Presentation on theme: "1 Carleton RtI training session April 30, 2013 Diane Torbenson RtI Greenvale Park Elementary School"— Presentation transcript:
1 Carleton RtI training session April 30, 2013 Diane Torbenson RtI Coach @ Greenvale Park Elementary School email@example.com
2 RtI stands for RESPONSE to INTERVENTION RtI is a process for helping students become successful. The process focuses on how a specific student responds to the specific intervention. RtI includes these steps: Identify a struggling student Implement an intervention to solve the problem Check to see if it worked (by monitoring data) I basically am a coach for the teachers.
3 THANK YOU Tutors are a vital part of our schools.

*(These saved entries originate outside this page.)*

(* Let $W=I_2(5)$. Then $$\kappa^{(3)}_{\beta,\alpha}=S^{(0,3)}_\beta(y_\alpha y_\beta)-y_\alpha\,s_\beta s_\alpha s_\beta(y_\alpha),$$ $$\kappa^{(2)}_{\alpha,\beta}=-y_\beta\big\{s_\alpha(y_\alpha y_\beta)+s_\alpha s_\beta(y_\alpha y_\beta)-s_\beta s_\alpha(y_\alpha y_\beta)-s_\beta s_\alpha s_\beta(y_\alpha y_\beta)+y_\alpha s_\beta s_\alpha s_\beta(y_\alpha)-s_\alpha s_\beta(y_\alpha)\,s_\alpha s_\beta s_\alpha(y_\beta)\big\},$$ $$\begin{aligned}\kappa^{(1)}_{\beta,\alpha}=&-s_\beta(y_\alpha y_\beta)\,s_\beta s_\alpha s_\beta(y_\alpha)\big\{s_\beta s_\alpha s_\beta(y_\beta)-y_\alpha\big\}-y_\alpha y_\beta\,s_\alpha s_\beta(y_\alpha)\big\{s_\alpha s_\beta(y_\beta)-s_\alpha s_\beta s_\alpha(y_\beta)\big\}\\&-y_\alpha\,s_\beta(y_\alpha)\,s_\beta s_\alpha(y_\beta)\,s_\beta s_\alpha s_\beta(y_\alpha).\end{aligned}$$
   Context: General setup: $W$ a finite real reflection group with root system $\Sigma$; $R$ an integral domain containing the ring $\mathcal{R}\subset\mathbb{R}$ generated by the coefficients of roots in the basis of simple roots; $F$ a one-dimensional commutative formal group law over $R$; $\mathcal{S}$ the formal root algebra (the quotient of the completed polynomial ring $R[[x_\lambda:\lambda\in\Lambda]]$, $\Lambda$ the lattice spanned by $\mathcal{R}$-multiples of roots, by the closed ideal generated by $x_0$ and the relations $x_{e_i\gamma+e_j\gamma'}=(e_ix_\gamma)+_F(e_jx_{\gamma'})$ for roots $\gamma,\gamma'$ and a fixed $\mathbb{Z}$-basis $(e_1=1,\dots,e_l)$ of $\mathcal{R}$), with $W$ acting by $w(x_\lambda)=x_{w(\lambda)}$; $\mathcal{Q}$ its localization at all $x_\gamma$; $\mathcal{Q}_W=\mathcal{Q}\otimes_RR[W]$ with left $\mathcal{Q}$-basis $\{\delta_w\}$ and product $(q\delta_w)(q'\delta_{w'})=q\,w(q')\delta_{ww'}$, $\mathbf 1=\delta_1$; $\delta_\gamma=\delta_{s_\gamma}$, $X_\gamma=\frac1{x_\gamma}(\mathbf 1-\delta_\gamma)$. Dihedral notation: $W=I_2(m)$ (here $m=5$), simple roots $\alpha,\beta$; $y_\gamma=1/x_\gamma\in\mathcal{Q}$; $W$ acts on products multiplicatively, $s(y_\gamma)=y_{s(\gamma)}$. $X^{(i)}_{\alpha\ldots}=X_\alpha X_\beta X_\alpha\cdots$ and $X^{(i)}_{\beta\ldots}$ ($i$ alternating factors); $s^{(i)}_{\beta\ldots}=s_\beta s_\alpha\cdots$ ($i$ factors, identity for $i=0$); $S^{(0,3)}_\beta(u)=\sum_{k=0}^3s^{(k)}_{\beta\ldots}(u)$. The elements $\kappa^{(i)}_{\alpha,\beta},\kappa^{(i)}_{\beta,\alpha}\in\mathcal{Q}$ ($1\le i\le m-2$) are the unique elements with $X^{(m)}_{\alpha\ldots}-X^{(m)}_{\beta\ldots}=\sum_{i=1}^{m-2}\big(\kappa^{(i)}_{\alpha,\beta}X^{(i)}_{\alpha\ldots}-\kappa^{(i)}_{\beta,\alpha}X^{(i)}_{\beta\ldots}\big)$ (uniqueness holds because the elements $X_{I_w}$, one reduced sequence $I_w$ per $w\in W$, are linearly independent over $\mathcal{Q}$). *)

theory Defs
  imports Main
begin

text \<open>For W = I_2(5) with simple roots alpha, beta (angle 4 pi/5), the coefficients of the roots
 in the basis of simple roots are 0, 1, phi with phi = 2 cos(pi/5) = (1 + sqrt 5)/2, so the ring
 generated by them is Z[phi].  An element (a,b) of type zphi stands for a + b*phi
 (phi^2 = phi + 1); its Z-basis is e_1 = 1, e_2 = phi.  Lambda, the lattice spanned by
 Z[phi]-multiples of roots, is Z[phi] alpha + Z[phi] beta; an element ((a,b),(c,d)) of type lat
 stands for (a + b phi) alpha + (c + d phi) beta.\<close>

type_synonym zphi = "int \<times> int"
type_synonym lat = "zphi \<times> zphi"

definition zp_add :: "zphi \<Rightarrow> zphi \<Rightarrow> zphi" where
  "zp_add x y = (fst x + fst y, snd x + snd y)"
definition zp_neg :: "zphi \<Rightarrow> zphi" where
  "zp_neg x = (- fst x, - snd x)"
definition zp_mul :: "zphi \<Rightarrow> zphi \<Rightarrow> zphi" where
  "zp_mul x y = (fst x * fst y + snd x * snd y, fst x * snd y + snd x * fst y + snd x * snd y)"

definition e1 :: zphi where "e1 = (1, 0)"
definition e2 :: zphi where "e2 = (0, 1)"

This opportunity is important work. We love having volunteers/tutors come into the schools to work with children. We depend upon you! YOU MAKE A DIFFFERENCE!
5 1. Build Relationships: Get to know the child. Introduce yourself. Ask the child their name and possibly their interests, yet don’t probe for personal information. Listen and let the child know you care about them. Be friendly – yet firm You have a task to do in a certain amount of time. Be sure to use this time wisely and keep the child on task. It is ok to say NO and set boundaries for behavior. Encourage the child to WORK HARD, SHOW RESPECT, and help others to BELONG.

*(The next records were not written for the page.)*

lemma sum_of_nat_H_mult:
  fixes f :: "nat \<Rightarrow> 'a::semiring_1"
  assumes "b \<le> n"
  shows "(\<Sum>i\<le>n. of_nat (H b i) * f i) = (\<Sum>i\<le>b. f i)"
  using assms by (induction n rule: dec_induct) (auto simp: H_def intro: sum.cong)

lemma int_times_pred_eq_choose2: "int k * (int k - 1) = 2 * int (k choose 2)"
  by (induction k) (simp_all add: numeral_2_eq_2 algebra_simps)

theorem mainTheorem12:
  fixes n j b :: nat and m :: "nat \<Rightarrow> int"
  assumes "n \<ge> 1" and "b \<le> n"
    and "(\<Sum>i\<le>n. m i) = int j"
  shows "g n j b (mu_cl n m) =
    (fls_X :: rat fls) powi
      ((\<Sum>i\<le>n. m i * (m i - 1)) div 2 + (\<Sum>i\<le>n. int (H b i) * m i))
    * qmultinom n j m"
proof (cases "\<forall>i\<le>n. m i \<ge> 0")
  case False
  then obtain i where "i \<le> n" "m i < 0"
    by auto
  then show ?thesis
    using g_mu_cl_eq_0_if_negative[OF assms(3)] by (auto simp: qmultinom_def)
next
  case True
  define k where "k i = nat (m i)" for i
  have m_eq: "m i = int (k i)" if "i \<le> n" for i
    using True that by (simp add: k_def)
  have k_sum: "(\<Sum>i\<le>n. k i) = j"
    using assms(3) by (simp add: m_eq flip: of_nat_sum)
  have exponent: "(\<Sum>i\<le>n. m i * (m i - 1)) div 2 + (\<Sum>i\<le>n. int (H b i) * m i)
      = int ((\<Sum>i\<le>n. k i choose 2) + (\<Sum>i\<le>b. k i))"
    using assms(2) by (simp add: m_eq int_times_pred_eq_choose2 sum_of_nat_H_mult flip: sum_distrib_left)
  have qmultinom_eq: "qmultinom n j m = qpoch j / qpoch_prod n k"
    using True assms(3) by (simp add: qmultinom_def qpoch_prod_def k_def)
  have mu_cl_eq: "mu_cl n m = mu_cl n (\<lambda>i. int (k i))"
    by (rule mu_cl_cong) (simp add: m_eq)
  show ?thesis
    unfolding exponent qmultinom_eq mu_cl_eq g_mu_cl_of_nat[OF assms(2) k_sum] power_int_of_nat
    by (simp only: times_divide_eq_right)
qed

end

6 2. Be Positive and give specific praise: Praise goes a long way in helping a child succeed. When a child makes a mistake, try avoiding telling them they are wrong. Instead, try asking them to look again and see if there is another solution. You could also say, “Let’s try this again.” or “Can I help you?” Effective praise is specific, not general. It is better to say, “Good work, you answered 4 out of 5 questions correctly today.” Instead of just saying “Good Job.” Another example is to say, “Do you know what really smart thing you did today?” Then tell the child what you noticed them doing well. One more example is to find “½ rights”. In a math problem this could be they started the problem correctly or they did all of their subtraction right. This makes the child less defensive if you redirect them.
8 3. Show Interest: Show interest in the child. Look directly at the child when speaking to them. Keep the child focused and on task. Sit next to the child. Explain plan for the session. Be clear when giving directions.

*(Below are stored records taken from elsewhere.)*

lemma kernels_subset_ideal_product:
  assumes "distinct vs" "independent_subgroups (set vs) N" "\<forall>v\<in>set vs. pz (N v) f = 0"
  shows "f \<in> foldr (\<lambda>v J. ideal_mult (Iker (N v)) J) vs UNIV"
  using assms
proof (induction vs arbitrary: f)
  case (Cons v vs)
  have "independent_subgroups (set vs) N"
    using Cons.prems(2) by (rule independent_subgroups_subset) auto
  then have "{g. \<forall>w\<in>set vs. pz (N w) g = 0} \<subseteq> foldr (\<lambda>v J. ideal_mult (Iker (N v)) J) vs UNIV"
    using Cons.IH Cons.prems(1) by auto
  moreover have "f \<in> ideal_mult (Iker (N v)) {g. \<forall>w\<in>set vs. pz (N w) g = 0}"
    using Cons.prems by (intro kernel_decomposition_independent) simp_all
  ultimately have "f \<in> ideal_mult (Iker (N v)) (foldr (\<lambda>v J. ideal_mult (Iker (N v)) J) vs UNIV)"
    using ideal_mult_mono by blast
  then show ?case by simp
qed simp

lemma kernels_subset_Dideal:
  assumes "finite V" "independent_subgroups V N" "\<forall>v\<in>V. pz (N v) f = 0"
  shows "f \<in> Dideal N V"
  unfolding Dideal_def using assms by (intro kernels_subset_ideal_product) auto

lemma setting_ok_independent_subgroups:
  "setting_ok V N delta \<Longrightarrow> independent_subgroups V N"
  by (simp add: setting_ok_def independent_subgroups_def add_subgroup_def)

section \<open>Group ring actions\<close>

lemma gsmul_frag_of [simp]: "gsmul act (frag_of g) x = act g x"
  by (simp add: gsmul_def)

lemma gsmul_zero_left [simp]: "gsmul act 0 x = 0"
  by (simp add: gsmul_def)

lemma gsmul_add_left: "gsmul act (c + c') x = gsmul act c x + gsmul act c' x"
proof -
  have expand: "gsmul act p x = (\<Sum>g\<in>A. zsc (Poly_Mapping.lookup p g) (act g x))"
    if "finite A" "Poly_Mapping.keys p \<subseteq> A" for p A
    unfolding gsmul_def using that by (intro sum.mono_neutral_left) (auto simp: in_keys_iff)
  let ?A = "Poly_Mapping.keys c \<union> Poly_Mapping.keys c'"
  have "gsmul act (c + c') x = (\<Sum>g\<in>?A. zsc (Poly_Mapping.lookup (c + c') g) (act g x))"
    by (rule expand) (auto simp: keys_add)
  also have "\<dots> = (\<Sum>g\<in>?A. zsc (Poly_Mapping.lookup c g) (act g x))
      + (\<Sum>g\<in>?A. zsc (Poly_Mapping.lookup c' g) (act g x))"
    by (simp add: lookup_add zsc_add sum.distrib)
  also have "\<dots> = gsmul act c x + gsmul act c' x"
    by (subst (1 2) expand[of ?A]) auto
  finally show ?thesis .
qed

lemma gsmul_diff_left: "gsmul act (c - c') x = gsmul act c x - gsmul act c' x"
  using gsmul_add_left[of act "c - c'" c' x] by (simp add: algebra_simps)

lemma gsmul_sum_left: "gsmul act (\<Sum>e\<in>E. c e) x = (\<Sum>e\<in>E. gsmul act (c e) x)"
  by (induction E rule: infinite_finite_induct) (simp_all add: gsmul_add_left)

lemma gsmul_add_right:
  assumes "\<And>g x y. act g (x + y) = act g x + act g y"
  shows "gsmul act c (x + y) = gsmul act c x + gsmul act c y"
  by (simp add: gsmul_def assms zsc_add_right sum.distrib)

lemma gsmul_sum_right:
  assumes "\<And>g x y. act g (x + y) = act g x + act g y"
  shows "gsmul act c (\<Sum>i\<in>I. x i) = (\<Sum>i\<in>I. gsmul act c (x i))"
proof (induction I rule: infinite_finite_induct)
  have "act g 0 = 0" for g using assms[of g 0 0] by simp
  then show "gsmul act c (\<Sum>i\<in>{}. x i) = (\<Sum>i\<in>{}. gsmul act c (x i))"
    and "infinite I \<Longrightarrow> gsmul act c (\<Sum>i\<in>I. x i) = (\<Sum>i\<in>I. gsmul act c (x i))" for I
    by (simp_all add: gsmul_def)
qed (simp add: gsmul_add_right[OF assms])

lemma gsmul_mult:
  fixes act :: "'g::comm_monoid_add \<Rightarrow> 'x::ab_group_add \<Rightarrow> 'x"
  assumes additive: "\<And>g x y. act g (x + y) = act g x + act g y"
    and compose: "\<And>g h x. act (g + h) x = act g (act h x)"
  shows "gsmul act (c * c') x = gsmul act c (gsmul act c' x)"
proof -
  have act_diff: "act g (y - z) = act g y - act g z" for g y z
    using additive[of g "y - z" z] by (simp add: algebra_simps)
  have act_0: "act g 0 = 0" for g
    using additive[of g 0 0] by simp
  have frag_of_mult: "gsmul act (frag_of g * c') y = act g (gsmul act c' y)" for g y
    using subset_UNIV
  proof (induction c' arbitrary: y rule: frag_induction)
    case (one h)
    then show ?case by (simp add: mult_single compose)
  qed (simp_all add: act_0 right_diff_distrib gsmul_diff_left act_diff)
  show ?thesis
    using subset_UNIV
    by (induction c arbitrary: x rule: frag_induction)
      (simp_all add: frag_of_mult left_diff_distrib gsmul_diff_left)
qed

lemma gsmul_ringact: "gsmul ringact c y = c * (y :: 'g::comm_monoid_add \<Rightarrow>\<^sub>0 int)"
  using subset_UNIV
  by (induction c rule: frag_induction) (simp_all add: ringact_def gsmul_diff_left left_diff_distrib)

lemma sum_fun_apply: "(\<Sum>i\<in>I. F i) x = (\<Sum>i\<in>I. F i x)"
  by (induction I rule: infinite_finite_induct) simp_all

lemma gsmul_pact: "gsmul (pact act) c y W = gsmul act c (y W)"
proof -
  have "zsc k z W = zsc k (z W)" for k and z :: "nat set \<Rightarrow> 'a"
    by (rule zsc_additive_UNIV[where F = "\<lambda>z. z W"]) simp
  then show ?thesis by (simp add: gsmul_def sum_fun_apply pact_def)
qed

lemma dv_eq_sum_superset:
  assumes "finite E" "{e \<in> B. y e \<noteq> 0} \<subseteq> E" "E \<subseteq> B" "\<And>c. gsmul act c 0 = 0"
  shows "dv act B d y e' = (\<Sum>e\<in>E. gsmul act (d e e') (y e))"
  unfolding dv_def using assms by (intro sum.mono_neutral_left) auto

lemma is_gmodD:
  assumes "is_gmod act M"
  shows gmod_0: "0 \<in> M"
    and gmod_add: "x \<in> M \<Longrightarrow> y \<in> M \<Longrightarrow> x + y \<in> M"
    and gmod_minus: "x \<in> M \<Longrightarrow> - x \<in> M"
    and gmod_act: "x \<in> M \<Longrightarrow> act g x \<in> M"
    and gmod_act_add: "x \<in> M \<Longrightarrow> y \<in> M \<Longrightarrow> act g (x + y) = act g x + act g y"
  using assms unfolding is_gmod_def by simp_all

lemma gmod_act_0: "is_gmod act M \<Longrightarrow> act g 0 = 0"
  using gmod_act_add[of act M 0 0 g] gmod_0[of act M] by simp

lemma gmod_sum: "is_gmod act M \<Longrightarrow> (\<And>i. i \<in> I \<Longrightarrow> x i \<in> M) \<Longrightarrow> (\<Sum>i\<in>I. x i) \<in> M"
  by (induction I rule: infinite_finite_induct) (simp_all add: gmod_0 gmod_add)

lemma gmod_zsc: "is_gmod act M \<Longrightarrow> x \<in> M \<Longrightarrow> zsc k x \<in> M"
  by (rule zsc_closed) (simp_all add: gmod_0 gmod_add gmod_minus)

lemma gmod_gsmul:
  assumes "is_gmod act M" "x \<in> M"
  shows "gsmul act c x \<in> M"
  unfolding gsmul_def using assms by (simp add: gmod_sum gmod_zsc gmod_act)

lemma gsmul_zero_right: "is_gmod act M \<Longrightarrow> gsmul act c 0 = 0"
  by (simp add: gsmul_def gmod_act_0)

lemma is_glinD:
  assumes "is_glin act1 M1 act2 M2 f"
  shows glin_mem: "x \<in> M1 \<Longrightarrow> f x \<in> M2"
    and glin_add: "x \<in> M1 \<Longrightarrow> y \<in> M1 \<Longrightarrow> f (x + y) = f x + f y"
    and glin_act: "x \<in> M1 \<Longrightarrow> f (act1 g x) = act2 g (f x)"
  using assms unfolding is_glin_def by simp_all

lemma glin_sum:
  assumes M1: "is_gmod act1 M1" and f: "is_glin act1 M1 act2 M2 f"
  shows "(\<And>i. i \<in> I \<Longrightarrow> x i \<in> M1) \<Longrightarrow> f (\<Sum>i\<in>I. x i) = (\<Sum>i\<in>I. f (x i))"
proof (induction I rule: infinite_finite_induct)
  case (insert i I)
  have "f (x i + (\<Sum>i\<in>I. x i)) = f (x i) + f (\<Sum>i\<in>I. x i)"
    using insert.prems by (intro glin_add[OF f] gmod_sum[OF M1]) simp_all
  with insert show ?case by simp
qed (use glin_add[OF f gmod_0[OF M1] gmod_0[OF M1]] in simp_all)

lemma glin_zsc:
  assumes M1: "is_gmod act1 M1" and f: "is_glin act1 M1 act2 M2 f" and x: "x \<in> M1"
  shows "f (zsc k x) = zsc k (f x)"
proof (rule zsc_additive[OF gmod_0[OF M1] _ _ x])
  show "\<And>x y. x \<in> M1 \<Longrightarrow> y \<in> M1 \<Longrightarrow> x + y \<in> M1" using gmod_add[OF M1] .
  show "\<And>x. x \<in> M1 \<Longrightarrow> - x \<in> M1" using gmod_minus[OF M1] .
  show "\<And>x y. x \<in> M1 \<Longrightarrow> y \<in> M1 \<Longrightarrow> f (x + y) = f x + f y" using glin_add[OF f] .
qed

lemma glin_gsmul:
  assumes M1: "is_gmod act1 M1" and f: "is_glin act1 M1 act2 M2 f" and x: "x \<in> M1"
  shows "f (gsmul act1 c x) = gsmul act2 c (f x)"
proof -
  have "f (gsmul act1 c x) = (\<Sum>g\<in>Poly_Mapping.keys c. f (zsc (Poly_Mapping.lookup c g) (act1 g x)))"
    unfolding gsmul_def by (rule glin_sum[OF M1 f]) (rule gmod_zsc[OF M1 gmod_act[OF M1 x]])
  also have "\<dots> = gsmul act2 c (f x)"
    unfolding gsmul_def
    by (rule sum.cong) (simp_all add: glin_zsc[OF M1 f gmod_act[OF M1 x]] glin_act[OF f x])
  finally show ?thesis .
qed

lemma actR_add: "actR delta g (x + y) = actR delta g x + actR delta g y"
  by (simp add: actR_eq_frag_extend frag_extend_add)

lemma actR_compose:
  assumes "\<And>x y. delta (x + y) = delta x + delta y"
  shows "actR delta (g + h) x = actR delta g (actR delta h x)"
proof -
  have "(\<lambda>y. y + delta (g + h)) ` C = (\<lambda>y. y + delta g) ` (\<lambda>y. y + delta h) ` C" for C
    by (auto simp: assms image_image algebra_simps)
  then show ?thesis unfolding actR_eq_frag_extend frag_extend_compose by (simp add: comp_def)
qed

lemma gsmul_actR_add:
  "gsmul (actR delta) c (x + y) = gsmul (actR delta) c x + gsmul (actR delta) c y"
  by (rule gsmul_add_right) (rule actR_add)

lemma gsmul_actR_zero: "gsmul (actR delta) c 0 = 0"
  using gsmul_actR_add[of delta c 0 0] by simp

lemma gsmul_actR_diff:
  "gsmul (actR delta) c (x - y) = gsmul (actR delta) c x - gsmul (actR delta) c y"
  using gsmul_actR_add[of delta c "x - y" y] by (simp add: algebra_simps)

lemma gsmul_actR_zsc: "gsmul (actR delta) c (zsc k x) = zsc k (gsmul (actR delta) c x)"
  by (rule zsc_additive_UNIV) (rule gsmul_actR_add)

lemma projc_add: "projc H (x + y) = projc H x + projc H y"
  by (simp add: projc_eq_frag_extend frag_extend_add)

lemma projc_diff: "projc H (x - y) = projc H x - projc H y"
  by (simp add: projc_eq_frag_extend frag_extend_diff)

lemma projc_sum: "projc H (\<Sum>i\<in>I. x i) = (\<Sum>i\<in>I. projc H (x i))"
  by (induction I rule: infinite_finite_induct) (simp_all add: projc_add projc_eq_frag_extend frag_extend_add)

lemma projc_actR: "projc H (actR delta g x) = actR delta g (projc H x)"
proof -
  have "cplus ((\<lambda>y. y + t) ` C) H = (\<lambda>y. y + t) ` cplus C H" for C and t :: 'a
    unfolding cplus_def by (auto simp: image_iff algebra_simps) (metis add.assoc add.commute)+
  then show ?thesis
    unfolding actR_eq_frag_extend projc_eq_frag_extend frag_extend_compose by (simp add: comp_def)
qed

lemma projc_gsmul: "projc H (gsmul (actR delta) c x) = gsmul (actR delta) c (projc H x)"
proof -
  have "projc H (zsc k y) = zsc k (projc H y)" for k y
    by (rule zsc_additive_UNIV) (rule projc_add)
  then show ?thesis by (simp add: gsmul_def projc_sum projc_actR)
qed

section \<open>Boundaries\<close>

lemma resolution_boundary_boundary:
  fixes d :: "nat \<Rightarrow> 'b \<Rightarrow> 'b \<Rightarrow> ('g::ab_group_add \<Rightarrow>\<^sub>0 int)"
  assumes fr: "free_resolution Bas d e0" and e': "e' \<in> Bas 2"
    and E: "finite E" "E \<subseteq> Bas 1" "{e. d 1 e' e \<noteq> 0} \<subseteq> E"
  shows "(\<Sum>e\<in>E. d 0 e e0 * d 1 e' e) = 0"
proof -
  have e'2: "e' \<in> Bas (Suc 1)" using e' by (simp add: numeral_2_eq_2)
  define y where "y e = d 1 e' e" for e
  have y: "y \<in> tens (Bas 1) UNIV"
    using fr e'2 unfolding free_resolution_def tens_def y_def by blast
  define z where "z e'' = (if e'' = e' then (1 :: 'g \<Rightarrow>\<^sub>0 int) else 0)" for e''
  have z: "z \<in> tens (Bas 2) UNIV" using e' unfolding tens_def z_def by auto
  have "{e'' \<in> Bas 2. z e'' \<noteq> 0} = {e'}" using e' unfolding z_def by auto
  then have "dv ringact (Bas 2) (d 1) z = y"
    by (auto simp: dv_def gsmul_ringact z_def y_def)
  then have "dv ringact (Bas 1) (d 0) y = (\<lambda>_. 0)"
    using fr y z unfolding free_resolution_def numeral_2_eq_2 One_nat_def by blast
  then have "(\<Sum>e\<in>{e \<in> Bas 1. y e \<noteq> 0}. d 0 e e0 * y e) = 0"
    unfolding dv_def gsmul_ringact by (metis (no_types, lifting))
  moreover have "(\<Sum>e\<in>{e \<in> Bas 1. y e \<noteq> 0}. d 0 e e0 * y e) = (\<Sum>e\<in>E. d 0 e e0 * y e)"
    using E by (intro sum.mono_neutral_left) (auto simp: y_def)
  ultimately show ?thesis unfolding y_def by simp
qed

9 4. Be Patient: Show empathy. The child may need directions repeated or paraphrased. They often need multiple opportunities before understanding the skill. Allow the child time to think and speak. It is ok to make mistakes. Tutors often work with children who are below grade level or behind on their work. Expect slow progress!
10 5. Establish Routine: Tell the child the plan for the session and follow this plan. Ex. First we will read this story, and then you will retell it to me in order. I will help you determine the main idea and 3 details. If you do more than one task with children during each session, it is best to have a set order. (Keep order each session.) Children like consistency and routine. If you have a set time for the session, it may be wise to show a timer. Children may be ok with working on a challenging task for 10 minutes. They often like knowing how much time is left.
11 6. Avoid Behavior Problems: Use terms “Work, Respect and Belong” with children. Ex. You are doing careful work on your cursive. Ex. Please be respectful in the library. Use terms “Expected and Unexpected” to explain behaviors. Ex. It is expected that you would work on this story. Ex. It is unexpected that you talk back to me. DO NOT ALLOW inappropriate or disrespectful behavior. If you allow it one time, children learn that they can do this every time you come. Be clear about what you expect. If a child behaves inappropriately, say in a kind way, “No, you cannot do this here. It doesn’t help you learn.” Tell the teacher about behavior problems. If behavior is disrespectful during the session, end session early and return the child to the room. Ask teacher for suggestions. Avoid getting into a power struggle with the child about his/her behavior. If you feel that the behavior is not ok, you are probably right. Stopping this behavior early is best.
12 7. Keep Child Motivated: Make learning fun and interesting. For young children, if works to act like this task is a game. Keep child busy during session. Could offer a fun activity at end of session (as reward). Show genuine interest in this task or skill. Give reasons why this task is important to learn. Stay positive. Break down the task enough so child is successful. Minnesota Reading Corps Trainers tell me that if a child is successful at something, they will want to do this more often. Success is more of a motivator than interest. If something appears too hard, people often want to quit.
13 8. Have Fun: Students LOVE when college students come to their rooms, and they usually enjoy this extra time and attention. Enjoy this time with the child. Often college students tell us their time with the students is a highlight of their week. KNOW THAT YOU ARE IMPORTANT to the child and the school!